Another previously proposed arrangement for avoiding the described mislanding of the beams resulting from variations in the temperature within the tube, includes an auxiliary deflection coil mounted on the neck of the tube, for example, adjacent the main deflection yoke by which the beam or beams are horizontally and vertically deflected so as to scan the screen, and a circuit by which a deflection current is made to flow through the auxiliary deflection coil and is varied in response to changes in the temperature of the beam selecting device. Such variation of the deflection current is selected so that the magnetic field produced by the auxiliary deflection coil serves to shift the effective center of beam deflection in response to temperature changes and thereby maintains proper landing of the beams on the respective color phosphors. However, such proposed arrangement does not provide sufficient compensation for fully and reliably avoiding the described mislanding, and the circuit required for varying deflection current in response to changes of temperature is complex and costly.

Accordingly, it is an object of this invention to provide a relatively simple and reliable arrangement by which the effective center of beam deflection in a color picture tube is shified in response to temperature variations in the tube so as to effectively compensate for the mislanding of the beam or beams that would otherwise result from the thermal expansion or distortion of the beam selecting device.

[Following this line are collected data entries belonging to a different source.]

lemma card_zero_start_tails_Suc:
  fixes a :: "'a::{finite,field}"
  assumes "a \<noteq> 0"
  shows "card (zero_start_tails (Suc n) a) = card (chain_sols n (-1/a))"
proof -
  have "zero_start_tails (Suc n) a =
        {p \<in> chain_sols (Suc n) 0. hd (fst p) \<in> {-1/a}}"
    using assms by (auto simp: zero_start_tails_def chain_sols_def length_Suc_conv field_simps
        add_eq_0_iff)
  also have "card \<dots> =
      (\<Sum>p\<in>chain_sols n (-1/a). card {x'. (-1/a) * x' = 1 + 0 * hd (fst p @ [1])})"
    by (subst card_chain_sols_Suc_head) simp
  also have "\<dots> = card (chain_sols n (-1/a))"
  proof -
    have "card {x'. (-1/a) * x' = c} = 1" for c
      by (simp only: card_linear_solutions) (use assms in simp)
    then show ?thesis by simp
  qed
  finally show ?thesis .
qed

lemma sum_card_chain_sols_Suc:
  "(\<Sum>a\<in>UNIV - {0::'a::{finite,field}}. card (chain_sols (Suc n) a)) =
     (card (UNIV::'a set) - 1) * (\<Sum>a\<in>UNIV - {0::'a}. card (chain_sols n a))
     + card (UNIV::'a set) * (\<Sum>a\<in>UNIV - {0::'a}. card (zero_start_tails n a))"
  by (simp add: card_chain_sols_Suc sum.distrib sum_distrib_left card_Diff_singleton)

lemma sum_card_chain_sols_0:
  "(\<Sum>a\<in>UNIV - {0::'a::{finite,field}}. card (chain_sols 0 a)) = card (UNIV::'a set) - 1"
  by (simp add: chain_sols_0 card_Diff_singleton)

lemma sum_card_chain_sols_1:
  "(\<Sum>a\<in>UNIV - {0::'a::{finite,field}}. card (chain_sols 1 a)) =
     (card (UNIV::'a set) - 1) * (card (UNIV::'a set) - 1) + card (UNIV::'a set)"
proof -
  have "(\<Sum>a\<in>UNIV - {0::'a}. card (zero_start_tails 0 a)) = 1"
    by (simp add: card_zero_start_tails_0 sum.If_cases)
  then show ?thesis
    using sum_card_chain_sols_Suc[where 'a='a and n=0] by (simp add: sum_card_chain_sols_0)
qed

lemma sum_card_chain_sols_Suc_Suc:
  "(\<Sum>a\<in>UNIV - {0::'a::{finite,field}}. card (chain_sols (Suc (Suc n)) a)) =
     (card (UNIV::'a set) - 1) * (\<Sum>a\<in>UNIV - {0::'a}. card (chain_sols (Suc n) a))
     + card (UNIV::'a set) * (\<Sum>a\<in>UNIV - {0::'a}. card (chain_sols n a))"
proof -
  have "(\<Sum>a\<in>UNIV - {0::'a}. card (zero_start_tails (Suc n) a))
      = (\<Sum>a\<in>UNIV - {0::'a}. card (chain_sols n (-1/a)))"
    by (simp add: card_zero_start_tails_Suc)
  also have "\<dots> = (\<Sum>a\<in>UNIV - {0::'a}. card (chain_sols n a))"
    by (rule sum.reindex_bij_witness[of _ "\<lambda>a. -1/a" "\<lambda>a. -1/a"]) (auto simp: field_simps)
  finally show ?thesis
    using sum_card_chain_sols_Suc[where 'a='a and n="Suc n"] by simp
qed

lemma two_step_recurrence_closed_form:
  fixes s :: "nat \<Rightarrow> 'a::comm_ring_1"
  assumes "s 0 = q - 1" and "s 1 = q^2 - q + 1"
    and "\<And>n. s (Suc (Suc n)) = (q - 1) * s (Suc n) + q * s n"
  shows "s n * (q + 1) = q ^ (n + 2) + (-1) ^ (n + 1)"
proof (induction n rule: induct_nat_012)
  case (ge2 n)
  have "s (Suc (Suc n)) * (q + 1) = (q - 1) * (s (Suc n) * (q + 1)) + q * (s n * (q + 1))"
    by (simp add: assms(3) algebra_simps)
  also have "\<dots> = q ^ (Suc (Suc n) + 2) + (-1) ^ (Suc (Suc n) + 1)"
    unfolding ge2 by (simp add: algebra_simps)
  finally show ?case .
qed (simp_all add: assms(1) assms(2)[unfolded One_nat_def] algebra_simps power2_eq_square
    power3_eq_cube)

lemma A_eqs_iff:
  "A_eqs n a x x' \<longleftrightarrow>
     (\<forall>k\<in>{1..n}.
        x k * x' k = 1 + (if k = 1 then a else x (k - 1)) * (if k = n then 1 else x (k + 1)))"
proof (cases "n \<le> 1")
  case True
  then show ?thesis unfolding A_eqs_def by (cases n) auto
next
  case False
  then have "{1..n} = insert 1 (insert n {2..n - 1})" by auto
  with False show ?thesis unfolding A_eqs_def by (auto simp: numeral_2_eq_2)
qed

lemma ball_atLeastAtMost_1_iff: "(\<forall>k\<in>{1..n}. P k) \<longleftrightarrow> (\<forall>i<n. P (Suc i))"
  by (auto simp: Suc_le_eq gr0_conv_Suc)

lemma nth_padded_map:
  "k \<le> n + 1 \<Longrightarrow>
    (a # map x [1..<n+1] @ [1]) ! k = (if k = 0 then a else if k \<le> n then x k else 1)"
  by (cases k) (auto simp: nth_append simp del: upt_Suc)

lemma A_eqs_iff_chain_eqs:
  "A_eqs n a x x' \<longleftrightarrow> chain_eqs a (map x [1..<n+1]) (map x' [1..<n+1])"
proof -
  define pad where "pad = a # map x [1..<n+1] @ [1]"
  have "chain_eqs a (map x [1..<n+1]) (map x' [1..<n+1]) \<longleftrightarrow>
      (\<forall>i<n. x (Suc i) * x' (Suc i) = 1 + pad ! i * pad ! Suc (Suc i))"
    unfolding chain_eqs_nth pad_def[symmetric] by (simp del: upt_Suc)
  also have "\<dots> \<longleftrightarrow>
      (\<forall>i<n. x (Suc i) * x' (Suc i) =
        1 + (if i = 0 then a else x i) * (if Suc (Suc i) \<le> n then x (Suc (Suc i)) else 1))"
  proof -
    have "pad ! i = (if i = 0 then a else x i)"
      and "pad ! Suc (Suc i) = (if Suc (Suc i) \<le> n then x (Suc (Suc i)) else 1)" if "i < n" for i
      using that nth_padded_map[of i n a x] nth_padded_map[of "Suc (Suc i)" n a x]
      unfolding pad_def by auto
    then show ?thesis by simp
  qed
  also have "\<dots> \<longleftrightarrow>
      (\<forall>i<n. x (Suc i) * x' (Suc i) =
        1 + (if Suc i = 1 then a else x (Suc i - 1)) * (if Suc i = n then 1 else x (Suc i + 1)))"
    by (intro all_cong) (auto simp: Suc_le_eq)
  also have "\<dots> \<longleftrightarrow> A_eqs n a x x'"
    by (simp only: A_eqs_iff ball_atLeastAtMost_1_iff)
  finally show ?thesis by (rule sym)
qed

definition coord_lists :: "nat \<Rightarrow> (nat \<Rightarrow> 'a) \<times> (nat \<Rightarrow> 'a) \<Rightarrow> 'a list \<times> 'a list" where
  "coord_lists n p = (map (fst p) [1..<n+1], map (snd p) [1..<n+1])"

lemma coords_eqI:
  assumes "x \<in> coords n" "y \<in> coords n" "map x [1..<n+1] = map y [1..<n+1]"
  shows "x = y"
proof
  fix i
  show "x i = y i"
  proof (cases "i \<in> {1..n}")
    case True
    then show ?thesis using assms(3) by (simp add: map_eq_conv del: upt_Suc)
  next
    case False
    then show ?thesis using assms(1,2) by (simp add: coords_def)
  qed
qed

lemma bij_betw_coord_lists: "bij_betw (coord_lists n) (X_A n a) (chain_sols n a)"
proof (rule bij_betw_imageI)
  show "inj_on (coord_lists n) (X_A n a)"
    by (auto simp: inj_on_def X_A_def coord_lists_def dest: coords_eqI simp del: upt_Suc)
  show "coord_lists n ` X_A n a = chain_sols n a"
  proof
    show "coord_lists n ` X_A n a \<subseteq> chain_sols n a"
      by (auto simp: X_A_def coord_lists_def chain_sols_def A_eqs_iff_chain_eqs simp del: upt_Suc)
  next
    show "chain_sols n a \<subseteq> coord_lists n ` X_A n a"
    proof
      fix p assume p: "p \<in> chain_sols n a"
      then obtain xs xs' where p_def: "p = (xs, xs')" and len: "length xs = n" "length xs' = n"
        and eqs: "chain_eqs a xs xs'"
        by (auto simp: chain_sols_def dest: chain_eqs_length)
      define x where "x i = (if i \<in> {1..n} then xs ! (i - 1) else 0)" for i
      define x' where "x' i = (if i \<in> {1..n} then xs' ! (i - 1) else 0)" for i
      have "map x [1..<n+1] = xs" "map x' [1..<n+1] = xs'"
        by (auto intro!: nth_equalityI simp: x_def x'_def len simp del: upt_Suc)
      then have "(x, x') \<in> X_A n a" and "p = coord_lists n (x, x')"
        using eqs by (auto simp: X_A_def coords_def x_def x'_def coord_lists_def p_def
            A_eqs_iff_chain_eqs simp del: upt_Suc)
      then show "p \<in> coord_lists n ` X_A n a" by blast
    qed
  qed
qed

lemma finite_X_A: "finite (X_A n (a::'a::{finite,field}))"
  using bij_betw_finite[OF bij_betw_coord_lists] finite_chain_sols by blast

lemma N_A_eq_card_chain_sols: "N_A n a = card (chain_sols n a)"
  unfolding N_A_def using bij_betw_coord_lists by (rule bij_betw_same_card)

theorem mainTheorem7:
  fixes n :: nat
  defines "q \<equiv> card (UNIV :: 'a::{finite,field} set)"
  shows "real (\<Sum>\<alpha>\<in>(UNIV::'a set) - {0}. N_A n \<alpha>)
           = (real q ^ (n + 2) + (-1) ^ (n + 1)) / (real q + 1)
       \<and> real (card (Y_A n :: ('a \<times> (nat \<Rightarrow> 'a) \<times> (nat \<Rightarrow> 'a)) set))
           = (real q ^ (n + 2) + (-1) ^ (n + 1)) / (real q + 1)"
proof -
  define S where "S m = (\<Sum>\<alpha>\<in>UNIV - {0::'a}. card (chain_sols m \<alpha>))" for m
  have "q \<ge> 1" unfolding q_def by (simp add: Suc_leI finite_UNIV_card_ge_0)
  have S_rec: "S 0 = q - 1" "S 1 = (q - 1) * (q - 1) + q"
    "\<And>m. S (Suc (Suc m)) = (q - 1) * S (Suc m) + q * S m"
    unfolding S_def q_def
    by (simp_all only: sum_card_chain_sols_0 sum_card_chain_sols_1 sum_card_chain_sols_Suc_Suc)
  have "real (S 0) = real q - 1"
    and "real (S 1) = real q ^ 2 - real q + 1"
    and "\<And>m. real (S (Suc (Suc m))) = (real q - 1) * real (S (Suc m)) + real q * real (S m)"
    by (simp_all only: S_rec of_nat_add of_nat_mult of_nat_diff[OF \<open>q \<ge> 1\<close>] of_nat_1)
      (simp_all add: power2_eq_square algebra_simps)
  then have "real (S n) * (real q + 1) = real q ^ (n + 2) + (-1) ^ (n + 1)"
    by (rule two_step_recurrence_closed_form)
  then have closed_form: "real (S n) = (real q ^ (n + 2) + (-1) ^ (n + 1)) / (real q + 1)"
    by (simp add: eq_divide_eq add_pos_nonneg)
  have "Y_A n = Sigma (UNIV - {0::'a}) (X_A n)"
    unfolding Y_A_def X_A_def by auto
  then have "card (Y_A n :: ('a \<times> (nat \<Rightarrow> 'a) \<times> (nat \<Rightarrow> 'a)) set) =
      (\<Sum>\<alpha>\<in>UNIV - {0::'a}. N_A n \<alpha>)"
    by (simp add: N_A_def finite_X_A)
  then show ?thesis
    using closed_form by (simp add: S_def N_A_eq_card_chain_sols)
qed

end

Another object is to provide a compensating arrangement, as aforesaid, which is operable by a current supplied to the main deflection yoke of the tube for effecting the horizontal and/or vertical deflections of the beam or beams, and in which such current for operating the compensating arrangement is controlled by a simple, inexpensive and reliable circuit including a thermo-sensitive magnetic means.

In accordance with an aspect of this invention, a color picture tube is provided with an auxiliary magnetic deflection means disposed in back of the main deflection yoke and being operative by a current passing through a coil of the main deflection yoke to produce magnetic flux in opposition to the magnetic flux provided by the latter, with such current for operating the auxiliary magnetic deflection means being supplied to the latter by way of a circuit including a thermo-sensitive magnetic means that decreases the current to the auxiliary magnetic deflection means with increasing temperature so as to similarly decrease the magnetic flux acting in opposition to the magnetic flux produced by the main deflection yoke, whereby the effective center of deflection of the beam or beams by the combined effects of the main deflection yoke and the auxiliary deflection means is shifted rearwardly in accordance with increasing temperature to compensate for thermal expansion of the beam selecting device.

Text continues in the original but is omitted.